Bioscientists discover how to activate ‘silent’ gene clusters in bacteria, which could be a goldmine for new antibiotic candidates. Silents could be gold in the search for antibiotics to slow the ongoing resistance crisis in disease treatment.
Rice University bioscientists created new on/off switches to control “silent” genes in a bacterial strain. Their strategy has the potential to accelerate the ongoing search for new antibiotics. The researchers modified CRISPR tools to control the expression of genes in Streptomyces bacteria that are normally expressed only when necessary in nature. Until now, access to those genes has been difficult for synthetic biologists.
“As labs started to sequence the genomes of these organisms that were known to produce one or a few antibiotics, we realized that the pathways responsible for the production of antibiotic and other molecules of interest are much more abundant than previously thought,” said James Chappell, an assistant professor of biosciences whose lab studies bacteria and ways to engineer them.
“Each Streptomyces strain is now predicted to be able to produce up to 40 different molecules of interest, including antibiotics, on average,” he said.
Streptomyces is a bacterial genus that contains up to 500 species, and each species can have between 20 and 40 of these clusters of genes capable of producing antibiotics or other molecules of interest. So, once we figure out how to scale up our technology, it has the potential to be extremely powerful.
James Chappell
The research led by Chappell and graduate student Andrea Ameruoso may enable labs to rapidly develop libraries of potential antibiotics to test on pathogens. They also stated that, while CRISPR-Cas9 has been used to create a platform for activating genes in organisms such as E. coli, this is the first time it has been applied to Streptomyces.
Their findings were published in Nucleic Acids Research.
“Bacteria like Streptomyces have evolved to produce antibiotics only when necessary, in natural environments like soil,” Chappell explained. “Because we grow them in the lab in an artificial environment that is very different from how they grow naturally, sets of genes are silenced.”
“They’re a kind of genetic dark matter,” he said. “We can’t isolate the chemicals they express to perform a functional screen.”
The new strategy of the lab eliminates the time-consuming task of exposing their proof-of-concept bacteria, S. venezuelae, the source of the common antibiotic chloramphenicol, to potential gene expression triggers. “Andrea’s technology introduces synthetic regulators into cells to artificially stimulate or suppress the expression of these pathways,” Chappell explained.

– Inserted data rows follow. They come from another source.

lemma distr_pair_snd_prob_space:
  assumes "prob_space M" and "sigma_finite_measure N"
  shows "distr (M \<Otimes>\<^sub>M N) N snd = N"
proof -
  interpret M: prob_space M by fact
  interpret N: sigma_finite_measure N by fact
  show ?thesis
  proof (rule measure_eqI)
    fix A assume A: "A \<in> sets (distr (M \<Otimes>\<^sub>M N) N snd)"
    then have "snd -` A \<inter> space (M \<Otimes>\<^sub>M N) = space M \<times> A"
      using sets.sets_into_space by (auto simp: space_pair_measure)
    moreover have "emeasure (M \<Otimes>\<^sub>M N) (space M \<times> A) = emeasure M (space M) * emeasure N A"
      using A by (intro N.emeasure_pair_measure_Times) auto
    ultimately show "emeasure (distr (M \<Otimes>\<^sub>M N) N snd) A = emeasure N A"
      using A by (simp add: emeasure_distr M.emeasure_space_1)
  qed simp
qed

lemma distr_AE_eq_fst:
  assumes "prob_space P" and f: "f \<in> measurable (M \<Otimes>\<^sub>M P) N" and "sets N = sets M"
    and "AE w in M \<Otimes>\<^sub>M P. f w = fst w"
  shows "distr (M \<Otimes>\<^sub>M P) N f = M"
proof -
  have "distr (M \<Otimes>\<^sub>M P) N f = distr (M \<Otimes>\<^sub>M P) M fst"
    using assms by (intro distr_cong_AE) simp_all
  also have "\<dots> = M"
    by (rule prob_space.distr_pair_fst[OF assms(1)])
  finally show ?thesis .
qed

section \<open>Distribution functions and quantiles\<close>

definition bounded_cdf :: "real \<Rightarrow> real \<Rightarrow> (real \<Rightarrow> ennreal) \<Rightarrow> bool" where
  "bounded_cdf a b F \<longleftrightarrow> mono F \<and> (\<forall>x c. (\<forall>x'>x. c \<le> F x') \<longrightarrow> c \<le> F x) \<and>
     (\<forall>x<a. F x = 0) \<and> (\<forall>x\<ge>b. F x = 1)"

lemma bounded_cdf_le_1: "bounded_cdf a b F \<Longrightarrow> F x \<le> 1"
  unfolding bounded_cdf_def by (metis mono_def nle_le order_refl)

definition quantile :: "(real \<Rightarrow> ennreal) \<Rightarrow> real \<Rightarrow> real" where
  "quantile F u = Inf {x. ennreal u \<le> F x}"

lemma quantile_le_iff:
  assumes F: "bounded_cdf a b F" and u: "0 < u" "u \<le> 1"
  shows "quantile F u \<le> t \<longleftrightarrow> ennreal u \<le> F t"
proof -
  define S where "S = {x. ennreal u \<le> F x}"
  have mono: "F x \<le> F x'" if "x \<le> x'" for x x'
    using F that by (auto simp: bounded_cdf_def mono_def)
  have right_cont: "c \<le> F x" if "\<And>x'. x < x' \<Longrightarrow> c \<le> F x'" for c x
    using F that unfolding bounded_cdf_def by blast
  have "b \<in> S"
    using F u by (simp add: S_def bounded_cdf_def)
  then have ne: "S \<noteq> {}" by auto
  have bdd: "bdd_below S"
  proof (rule bdd_belowI)
    fix x assume "x \<in> S"
    then have "F x \<noteq> 0" using u by (auto simp: S_def)
    then show "a \<le> x" using F by (auto simp: bounded_cdf_def not_le[symmetric])
  qed
  have "ennreal u \<le> F (Inf S)"
  proof (rule right_cont)
    fix x' assume "Inf S < x'"
    then obtain s where "s \<in> S" "s < x'" using cInf_less_iff[OF ne bdd] by blast
    then show "ennreal u \<le> F x'" using mono[of s x'] by (simp add: S_def)
  qed
  then show ?thesis
    using mono[of "Inf S" t] cInf_lower[OF _ bdd, of t] by (auto simp: S_def quantile_def)
qed

lemma bounded_cdf_INF_rat:
  fixes f :: "rat \<Rightarrow> ennreal"
  assumes le_1: "\<And>r. f r \<le> 1"
    and below: "\<And>r. of_rat r < a \<Longrightarrow> f r = 0" and above: "\<And>r. b \<le> of_rat r \<Longrightarrow> 1 \<le> f r"
  shows "bounded_cdf a b (\<lambda>x. INF r\<in>{r. x < of_rat r}. f r)"
  unfolding bounded_cdf_def
proof (intro conjI allI impI)
  show "mono (\<lambda>x. INF r\<in>{r. x < of_rat r}. f r)"
    by (intro monoI INF_superset_mono) auto
next
  fix x :: real and c assume right: "\<forall>x'>x. c \<le> (INF r\<in>{r. x' < of_rat r}. f r)"
  show "c \<le> (INF r\<in>{r. x < of_rat r}. f r)"
  proof (rule INF_greatest)
    fix r assume "r \<in> {r. x < of_rat r}"
    then obtain x' :: real where "x < x'" "x' < of_rat r" using dense by blast
    then have "c \<le> (INF r\<in>{r. x' < of_rat r}. f r)" "(INF r\<in>{r. x' < of_rat r}. f r) \<le> f r"
      using right by (auto intro: INF_lower)
    then show "c \<le> f r" by (rule order_trans)
  qed
next
  fix x :: real assume "x < a"
  then obtain r where "x < of_rat r" "of_rat r < a" using of_rat_dense by blast
  then show "(INF r\<in>{r. x < of_rat r}. f r) = 0"
    using below by (metis (mono_tags) INF_lower mem_Collect_eq le_zero_eq)
next
  fix x :: real assume "b \<le> x"
  obtain r where "x < of_rat r" using of_rat_dense[of x "x + 1"] by auto
  then have "(INF r\<in>{r. x < of_rat r}. f r) \<le> 1"
    using le_1 by (auto intro: INF_lower2)
  moreover have "1 \<le> (INF r\<in>{r. x < of_rat r}. f r)"
    using \<open>b \<le> x\<close> above by (auto intro!: INF_greatest)
  ultimately show "(INF r\<in>{r. x < of_rat r}. f r) = 1" by simp
qed

abbreviation unit_interval :: "real measure" where
  "unit_interval \<equiv> restrict_space lborel {0<..<1}"

lemma prob_space_unit_interval: "prob_space unit_interval"
  by (rule prob_space_restrict_space) auto

lemma emeasure_unit_interval_le:
  fixes c :: ennreal
  assumes "c \<le> 1"
  shows "emeasure unit_interval {u\<in>{0<..<1}. ennreal u \<le> c} = c"
proof -
  obtain r where r: "c = ennreal r" "0 \<le> r" "r \<le> 1"
    using assms by (cases c) (auto simp: ennreal_le_1 top_unique)
  then have "{u\<in>{0<..<1}. ennreal u \<le> c} = (if r < 1 then {0<..r} else {0<..<1})"
    by (auto simp: ennreal_le_iff)
  then show ?thesis
    using r by (simp add: emeasure_restrict_space subset_eq)
qed

lemma emeasure_quantile_le:
  assumes "bounded_cdf a b F"
  shows "emeasure unit_interval {u\<in>{0<..<1}. quantile F u \<le> x} = F x"
proof -
  have "{u\<in>{0<..<1}. quantile F u \<le> x} = {u\<in>{0<..<1}. ennreal u \<le> F x}"
    using quantile_le_iff[OF assms] by auto
  then show ?thesis
    using emeasure_unit_interval_le[OF bounded_cdf_le_1[OF assms]] by simp
qed

lemma measurable_quantile:
  assumes [measurable]: "\<And>x. (\<lambda>y. F y x) \<in> borel_measurable Y" and F: "\<And>y. bounded_cdf a b (F y)"
  shows "(\<lambda>w. quantile (F (fst w)) (snd w)) \<in> borel_measurable (Y \<Otimes>\<^sub>M unit_interval)"
  unfolding borel_measurable_iff_le
proof
  fix x
  have [measurable]: "(\<lambda>u. u) \<in> borel_measurable unit_interval"
    by (rule measurable_restrict_space1) simp
  have "{w \<in> space (Y \<Otimes>\<^sub>M unit_interval). quantile (F (fst w)) (snd w) \<le> x}
      = {w \<in> space (Y \<Otimes>\<^sub>M unit_interval). ennreal (snd w) \<le> F (fst w) x}"
    using quantile_le_iff[OF F] by (auto simp: space_pair_measure)
  also have "\<dots> \<in> sets (Y \<Otimes>\<^sub>M unit_interval)"
    by measurable
  finally show "{w \<in> space (Y \<Otimes>\<^sub>M unit_interval). quantile (F (fst w)) (snd w) \<le> x}
      \<in> sets (Y \<Otimes>\<^sub>M unit_interval)" .
qed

“Now we only need one protein and one small piece of RNA to go wherever we want to directly repress or activate a given target,” Ameruoso explained. According to him, the emergence of CRISPR technology, which uses bacterial immune system mechanisms to locate specific genes along a strand of DNA, facilitated access to previously hidden gene clusters.
“Streptomyces is a bacterial genus that contains up to 500 species, and each species can have between 20 and 40 of these clusters of genes capable of producing antibiotics or other molecules of interest,” Ameruoso explained. “So, once we figure out how to scale up our technology, it has the potential to be extremely powerful.”
According to Chappell, it is simple to design CRISPR to bind to different DNA sequences. “We use that to control gene expression,” he says. “It should be theoretically possible to do this in a variety of different species via a variety of different pathways. As a result, this paper establishes the groundwork for a novel approach.”
Ameruoso stated that he is working on a fluorescent technique to observe cluster activation in real time. “The main challenge is that observing the depths of a cluster’s activation is dependent on the purification of the molecule from the extracts we generate,” he explained. “This is a labor-intensive, low-throughput process. We want to create a reporter that will detect a fluorescent signal when a pathway is activated.”
The process, according to the researchers, could be used to create molecules for antifungal and anticancer agents, as well as for agricultural purposes. “We concentrate on antibiotics because we’ve observed that they kill microbes at some point in history,” Chappell explained. “But that’s not necessarily what they evolved for, because they’re also frequently used as communication signals between cells. So there are many potential uses.”
According to him, the study demonstrates a significant new approach to the activation of silent pathways. “The next generation of work is going to be big,” he said. “We demonstrated that it works on a single silent pathway. Let’s try it on the 40 pathways in this single species, and then on thousands of microbes. The power of CRISPR-Cas9 is that it is extremely scalable for that,” Chappell explained.